### Prompt
Write out once more the lines running from the top of the entries below to the line with "P \<longleftrightarrow> (\<forall>l", both ends included.

### Working data
(* Let $G$ be a finite simple graph having a Hamiltonian path $P=x_1x_2\dots x_n$ such that $G$ has no two secant edges with respect to $P$. Then $\chi(G)\le 3$.
   Context: Edges of $G$ are secant with respect to $P$ if they are secant with respect to the enumeration $x_1x_2\dots x_n$ induced by $P$: an edge $x_ix_j$ is a jump if $|i-j|>1$, and two jumps $x_lx_m$, $x_px_q$ with $l<m$, $p<q$ are secant if $l<p<m<q$ or $p<l<q<m$. *)

theory Defs
  imports Main
begin

definition simple_graph :: "'a set \<Rightarrow> ('a \<Rightarrow> 'a \<Rightarrow> bool) \<Rightarrow> bool" where
  "simple_graph V E \<longleftrightarrow> finite V \<and> (\<forall>x y. E x y \<longrightarrow> x \<in> V \<and> y \<in> V)
     \<and> (\<forall>x y. E x y \<longrightarrow> E y x) \<and> (\<forall>x. \<not> E x x)"

text \<open>Hamiltonian path P = x_1 ... x_n given as a list (0-indexed).\<close>
definition hamiltonian_path :: "'a set \<Rightarrow> ('a \<Rightarrow> 'a \<Rightarrow> bool) \<Rightarrow> 'a list \<Rightarrow> bool" where
  "hamiltonian_path V E P \<longleftrightarrow> distinct P \<and> set P = V
     \<and> (\<forall>i. Suc i < length P \<longrightarrow> E (P ! i) (P ! Suc i))"

definition jump :: "('a \<Rightarrow> 'a \<Rightarrow> bool) \<Rightarrow> 'a list \<Rightarrow> nat \<Rightarrow> nat \<Rightarrow> bool" where
  "jump E P l m \<longleftrightarrow> l < m \<and> m < length P \<and> E (P ! l) (P ! m) \<and> m - l > 1"

definition secant :: "('a \<Rightarrow> 'a \<Rightarrow> bool) \<Rightarrow> 'a list \<Rightarrow> nat \<Rightarrow> nat \<Rightarrow> nat \<Rightarrow> nat \<Rightarrow> bool" where
  "secant E P l m p q \<longleftrightarrow> jump E P l m \<and> jump E P p q \<and>
     ((l < p \<and> p < m \<and> m < q) \<or> (p < l \<and> l < q \<and> q < m))"

definition no_secant_edges :: "('a \<Rightarrow> 'a \<Rightarrow> bool) \<Rightarrow> 'a list \<Rightarrow> bool" where
  "no_secant_edges E P \<longleftrightarrow> (\<forall>l m p q. \<not> secant E P l m p q)"

definition proper_colouring :: "'a set \<Rightarrow> ('a \<Rightarrow> 'a \<Rightarrow> bool) \<Rightarrow> nat \<Rightarrow> ('a \<Rightarrow> nat) \<Rightarrow> bool" where
  "proper_colouring V E k c \<longleftrightarrow> (\<forall>x\<in>V. c x < k) \<and> (\<forall>x y. E x y \<longrightarrow> c x \<noteq> c y)"

definition chromatic_number :: "'a set \<Rightarrow> ('a \<Rightarrow> 'a \<Rightarrow> bool) \<Rightarrow> nat" where
  "chromatic_number V E = (LEAST k. \<exists>c. proper_colouring V E k c)"

end

theory Submission
  imports Defs
begin

text \<open>
  Place the vertices on a line in the order of P and draw every edge as an arc above it; having no
  secant edges means that no two arcs cross. In such a graph every nonempty vertex set S contains a
  vertex of degree at most 2 in S: take a shortest arc (u, v) with a vertex of S strictly below it,
  where the pair of extreme vertices of S also counts as an arc, and let s be the first vertex of S
  after u. Since arcs do not cross, all neighbours of s lie in [u, v]; below s only u is possible,
  and two neighbours above s would produce a shorter arc from s. Hence the graph is 2-degenerate,
  and colouring greedily in a degeneracy order uses 3 colours.
\<close>

definition noncrossing :: "(nat \<Rightarrow> nat \<Rightarrow> bool) \<Rightarrow> bool" where
  "noncrossing R \<longleftrightarrow> (\<forall>l p m q. l < p \<and> p < m \<and> m < q \<longrightarrow> \<not> (R l m \<and> R p q))"

definition position_graph :: "('a \<Rightarrow> 'a \<Rightarrow> bool) \<Rightarrow> 'a list \<Rightarrow> nat \<Rightarrow> nat \<Rightarrow> bool" where
  "position_graph E P i j \<longleftrightarrow> i < length P \<and> j < length P \<and> E (P ! i) (P ! j)"

text \<open>Edges between consecutive positions cannot cross anything, so excluding secant jumps
  excludes all crossings.\<close>

lemma no_secant_edges_noncrossing:
  assumes "no_secant_edges E P"
  shows "noncrossing (position_graph E P)"
  unfolding noncrossing_def
proof (intro allI impI notI)
  fix l p m q
  assume "l < p \<and> p < m \<and> m < q" and "position_graph E P l m \<and> position_graph E P p q"
  then have "secant E P l m p q"
    unfolding secant_def jump_def position_graph_def by auto
  with assms show False
    unfolding no_secant_edges_def by blast
qed

text \<open>The second alternative makes the pair of positions enclosing S behave like an edge that
  no edge crosses.\<close>

definition arc :: "nat set \<Rightarrow> (nat \<Rightarrow> nat \<Rightarrow> bool) \<Rightarrow> nat \<Rightarrow> nat \<Rightarrow> bool" where
  "arc S R u v \<longleftrightarrow> u < v \<and> (R u v \<or> S \<subseteq> {u..v})"

lemma arc_neighbours_within:
  assumes "noncrossing R" and "\<And>x y. R x y \<Longrightarrow> R y x"
    and "arc S R u v" "u < s" "s < v" "y \<in> S" "R s y"
  shows "y \<in> {u..v}"
  using assms unfolding arc_def noncrossing_def by (meson atLeastAtMost_iff not_le subsetD)

lemma shortest_arc_low_degree:
  assumes noncrossing: "noncrossing R"
    and sym: "\<And>x y. R x y \<Longrightarrow> R y x" and irrefl: "\<And>x. \<not> R x x"
    and "arc S R u v" and s: "s \<in> S" "u < s" "s < v"
    and first: "\<And>x. x \<in> S \<Longrightarrow> u < x \<Longrightarrow> x < v \<Longrightarrow> s \<le> x"
    and shortest: "\<And>u' v' x. arc S R u' v' \<Longrightarrow> x \<in> S \<Longrightarrow> u' < x \<Longrightarrow> x < v' \<Longrightarrow> v - u \<le> v' - u'"
  shows "card {y\<in>S. R s y} \<le> 2"
proof -
  have within: "y \<in> {u..v}" if "y \<in> S" "R s y" for y
    using arc_neighbours_within[of R S u v s y] noncrossing sym \<open>arc S R u v\<close> s that by blast
  have below: "y = u" if "y \<in> S" "R s y" "y < s" for y
    using within[OF that(1,2)] first[OF that(1)] that(3) \<open>s < v\<close> by fastforce
  have above: "y = w" if neighbours: "y \<in> S" "w \<in> S" "R s y" "R s w" "s < y" "s < w" for y w
  proof (rule ccontr)
    assume "y \<noteq> w"
    then obtain y' w' where "y' \<in> S" "w' \<in> S" "R s w'" "s < y'" "y' < w'"
      using neighbours by (meson linorder_neqE_nat)
    then have "arc S R s w'" and "w' \<le> v"
      using within unfolding arc_def by auto
    then show False
      using shortest[of s w' y'] \<open>y' \<in> S\<close> \<open>u < s\<close> \<open>s < y'\<close> \<open>y' < w'\<close> by linarith
  qed
  obtain w where w: "\<And>y. y \<in> S \<Longrightarrow> R s y \<Longrightarrow> s < y \<Longrightarrow> y = w"
    using above by blast
  have "{y\<in>S. R s y} \<subseteq> {u, w}"
    using below w irrefl by (fastforce simp: neq_iff)
  then have "card {y\<in>S. R s y} \<le> card {u, w}"
    by (intro card_mono) auto
  also have "\<dots> \<le> 2"
    by (cases "u = w") auto
  finally show ?thesis .
qed

lemma noncrossing_low_degree:
  fixes R :: "nat \<Rightarrow> nat \<Rightarrow> bool"
  assumes "noncrossing R"
    and "\<And>x y. R x y \<Longrightarrow> R y x" and "\<And>x. \<not> R x x"
    and "finite S" "S \<noteq> {}"
  shows "\<exists>x\<in>S. card {y\<in>S. R x y} \<le> 2"
proof (cases "card S \<le> 2")
  case True
  obtain x where "x \<in> S"
    using \<open>S \<noteq> {}\<close> by blast
  moreover have "card {y\<in>S. R x y} \<le> card S"
    using \<open>finite S\<close> by (intro card_mono) auto
  ultimately show ?thesis
    using True by force
next
  case False
  have "\<not> S \<subseteq> {Min S, Max S}"
  proof
    assume "S \<subseteq> {Min S, Max S}"
    then have "card S \<le> card {Min S, Max S}"
      by (intro card_mono) auto
    also have "\<dots> \<le> 2"
      by (cases "Min S = Max S") auto
    finally show False
      using False by simp
  qed
  then obtain x where x: "x \<in> S" "x \<noteq> Min S" "x \<noteq> Max S"
    by blast
  then have "Min S < x" "x < Max S"
    using Min_le[OF \<open>finite S\<close> x(1)] Max_ge[OF \<open>finite S\<close> x(1)] by auto
  define spanning where "spanning u v \<longleftrightarrow> arc S R u v \<and> (\<exists>x\<in>S. u < x \<and> x < v)" for u v
  have "spanning (Min S) (Max S)"
    using x(1) \<open>Min S < x\<close> \<open>x < Max S\<close> \<open>finite S\<close>
    unfolding spanning_def arc_def by auto
  then obtain u v where "spanning u v" and shortest: "\<And>u' v'. spanning u' v' \<Longrightarrow> v - u \<le> v' - u'"
    using ex_has_least_nat[of "\<lambda>(u, v). spanning u v" "(Min S, Max S)" "\<lambda>(u, v). v - u"] by auto
  define s where "s = Min {x\<in>S. u < x \<and> x < v}"
  have "finite {x\<in>S. u < x \<and> x < v}" "{x\<in>S. u < x \<and> x < v} \<noteq> {}"
    using \<open>spanning u v\<close> \<open>finite S\<close> unfolding spanning_def by auto
  then have "s \<in> S" "u < s" "s < v" "\<And>x. x \<in> S \<Longrightarrow> u < x \<Longrightarrow> x < v \<Longrightarrow> s \<le> x"
    unfolding s_def using Min_in[of "{x\<in>S. u < x \<and> x < v}"] by auto
  then have "card {y\<in>S. R s y} \<le> 2"
    using assms \<open>spanning u v\<close> shortest unfolding spanning_def
    by (intro shortest_arc_low_degree[of R S u v s]) blast+
  with \<open>s \<in> S\<close> show ?thesis
    by blast
qed

lemma degenerate_colouring:
  fixes R :: "'a \<Rightarrow> 'a \<Rightarrow> bool"
  assumes "finite S"
    and sym: "\<And>x y. R x y \<Longrightarrow> R y x" and irrefl: "\<And>x. \<not> R x x"
    and "\<And>T. T \<subseteq> S \<Longrightarrow> T \<noteq> {} \<Longrightarrow> \<exists>x\<in>T. card {y\<in>T. R x y} < k"
  shows "\<exists>c. (\<forall>x\<in>S. c x < k) \<and> (\<forall>x\<in>S. \<forall>y\<in>S. R x y \<longrightarrow> c x \<noteq> c y)"
  using assms(1,4)
proof (induction S rule: finite_psubset_induct)
  case (psubset S)
  show ?case
  proof (cases "S = {}")
    case False
    then obtain v where v: "v \<in> S" and low: "card {y\<in>S. R v y} < k"
      using psubset.prems by blast
    obtain c where c: "\<forall>x\<in>S - {v}. c x < k" "\<forall>x\<in>S - {v}. \<forall>y\<in>S - {v}. R x y \<longrightarrow> c x \<noteq> c y"
      using psubset.IH[of "S - {v}"] psubset.prems v by blast
    define used where "used = c ` {y\<in>S. R v y}"
    have "card used < k"
      using card_image_le[of "{y\<in>S. R v y}" c] low psubset.hyps unfolding used_def by simp
    then have "\<not> {..<k} \<subseteq> used"
      using card_mono[of used "{..<k}"] psubset.hyps unfolding used_def by fastforce
    then obtain j where "j < k" "j \<notin> used"
      by auto
    have neighbour_colour: "j \<noteq> c y" if "y \<in> S" "R v y" for y
      using \<open>j \<notin> used\<close> that unfolding used_def by blast
    have "(c(v := j)) x \<noteq> (c(v := j)) y" if "x \<in> S" "y \<in> S" "R x y" for x y
      using that c neighbour_colour sym irrefl by (cases "x = v"; cases "y = v") fastforce+
    moreover have "\<forall>x\<in>S. (c(v := j)) x < k"
      using c \<open>j < k\<close> by simp
    ultimately show ?thesis
      by (intro exI[of _ "c(v := j)"]) blast
  qed simp
qed

lemma proper_colouring_inv_into:
  assumes "f ` I = V" and "\<And>x y. E x y \<Longrightarrow> x \<in> V \<and> y \<in> V"
    and "\<forall>i\<in>I. c i < k" and "\<forall>i\<in>I. \<forall>j\<in>I. E (f i) (f j) \<longrightarrow> c i \<noteq> c j"
  shows "proper_colouring V E k (c \<circ> inv_into I f)"
  unfolding proper_colouring_def
proof (intro conjI ballI allI impI)
  fix x
  assume "x \<in> V"
  then show "(c \<circ> inv_into I f) x < k"
    using assms(1,3) inv_into_into[of x f I] by simp
next
  fix x y
  assume "E x y"
  moreover have "x \<in> f ` I" "y \<in> f ` I"
    using assms(1,2) \<open>E x y\<close> by auto
  ultimately have "E (f (inv_into I f x)) (f (inv_into I f y))"
    by (simp add: f_inv_into_f)
  then show "(c \<circ> inv_into I f) x \<noteq> (c \<circ> inv_into I f) y"
    using assms(4) inv_into_into[OF \<open>x \<in> f ` I\<close>] inv_into_into[OF \<open>y \<in> f ` I\<close>] by simp
qed

lemma chromatic_number_le:
  assumes "proper_colouring V E k c"
  shows "chromatic_number V E \<le> k"
  unfolding chromatic_number_def using assms by (intro Least_le) blast

theorem proposition3:
  fixes V :: "'a set" and E :: "'a \<Rightarrow> 'a \<Rightarrow> bool" and P :: "'a list"
  assumes "simple_graph V E"
    and "hamiltonian_path V E P"
    and "no_secant_edges E P"
  shows "chromatic_number V E \<le> 3"
proof -
  let ?R = "position_graph E P"
  have edges: "\<And>x y. E x y \<Longrightarrow> x \<in> V \<and> y \<in> V" and symmetric: "\<And>x y. ?R x y \<Longrightarrow> ?R y x"
    and irreflexive: "\<And>x. \<not> ?R x x"
    using assms(1) unfolding simple_graph_def position_graph_def by auto
  have low_degree: "\<exists>x\<in>T. card {y\<in>T. ?R x y} < 3" if T: "T \<subseteq> {..<length P}" "T \<noteq> {}" for T
  proof -
    have "finite T"
      using T(1) finite_subset by blast
    then obtain x where "x \<in> T" "card {y\<in>T. ?R x y} \<le> 2"
      using noncrossing_low_degree[OF no_secant_edges_noncrossing[OF assms(3)] symmetric irreflexive
          \<open>finite T\<close> T(2)]
      by blast
    then show ?thesis
      by (intro bexI[of _ x]) linarith+
  qed
  obtain c :: "nat \<Rightarrow> nat" where c: "\<forall>i\<in>{..<length P}. c i < 3"
      "\<forall>i\<in>{..<length P}. \<forall>j\<in>{..<length P}. ?R i j \<longrightarrow> c i \<noteq> c j"
    using degenerate_colouring[OF finite_lessThan symmetric irreflexive low_degree] by blast
  have "(!) P ` {..<length P} = V"
    using assms(2) unfolding hamiltonian_path_def by (simp add: lessThan_atLeast0 nth_image)
  then have "proper_colouring V E 3 (c \<circ> inv_into {..<length P} ((!) P))"
    using c edges unfolding position_graph_def by (intro proper_colouring_inv_into) simp_all
  then show ?thesis
    by (rule chromatic_number_le)
qed

end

### Response
(* Let $G$ be a finite simple graph having a Hamiltonian path $P=x_1x_2\dots x_n$ such that $G$ has no two secant edges with respect to $P$. Then $\chi(G)\le 3$.
   Context: Edges of $G$ are secant with respect to $P$ if they are secant with respect to the enumeration $x_1x_2\dots x_n$ induced by $P$: an edge $x_ix_j$ is a jump if $|i-j|>1$, and two jumps $x_lx_m$, $x_px_q$ with $l<m$, $p<q$ are secant if $l<p<m<q$ or $p<l<q<m$. *)

theory Defs
  imports Main
begin

definition simple_graph :: "'a set \<Rightarrow> ('a \<Rightarrow> 'a \<Rightarrow> bool) \<Rightarrow> bool" where
  "simple_graph V E \<longleftrightarrow> finite V \<and> (\<forall>x y. E x y \<longrightarrow> x \<in> V \<and> y \<in> V)
     \<and> (\<forall>x y. E x y \<longrightarrow> E y x) \<and> (\<forall>x. \<not> E x x)"

text \<open>Hamiltonian path P = x_1 ... x_n given as a list (0-indexed).\<close>
definition hamiltonian_path :: "'a set \<Rightarrow> ('a \<Rightarrow> 'a \<Rightarrow> bool) \<Rightarrow> 'a list \<Rightarrow> bool" where
  "hamiltonian_path V E P \<longleftrightarrow> distinct P \<and> set P = V
     \<and> (\<forall>i. Suc i < length P \<longrightarrow> E (P ! i) (P ! Suc i))"

definition jump :: "('a \<Rightarrow> 'a \<Rightarrow> bool) \<Rightarrow> 'a list \<Rightarrow> nat \<Rightarrow> nat \<Rightarrow> bool" where
  "jump E P l m \<longleftrightarrow> l < m \<and> m < length P \<and> E (P ! l) (P ! m) \<and> m - l > 1"

definition secant :: "('a \<Rightarrow> 'a \<Rightarrow> bool) \<Rightarrow> 'a list \<Rightarrow> nat \<Rightarrow> nat \<Rightarrow> nat \<Rightarrow> nat \<Rightarrow> bool" where
  "secant E P l m p q \<longleftrightarrow> jump E P l m \<and> jump E P p q \<and>
     ((l < p \<and> p < m \<and> m < q) \<or> (p < l \<and> l < q \<and> q < m))"

definition no_secant_edges :: "('a \<Rightarrow> 'a \<Rightarrow> bool) \<Rightarrow> 'a list \<Rightarrow> bool" where
  "no_secant_edges E P \<longleftrightarrow> (\<forall>l m p q. \<not> secant E P l m p q)"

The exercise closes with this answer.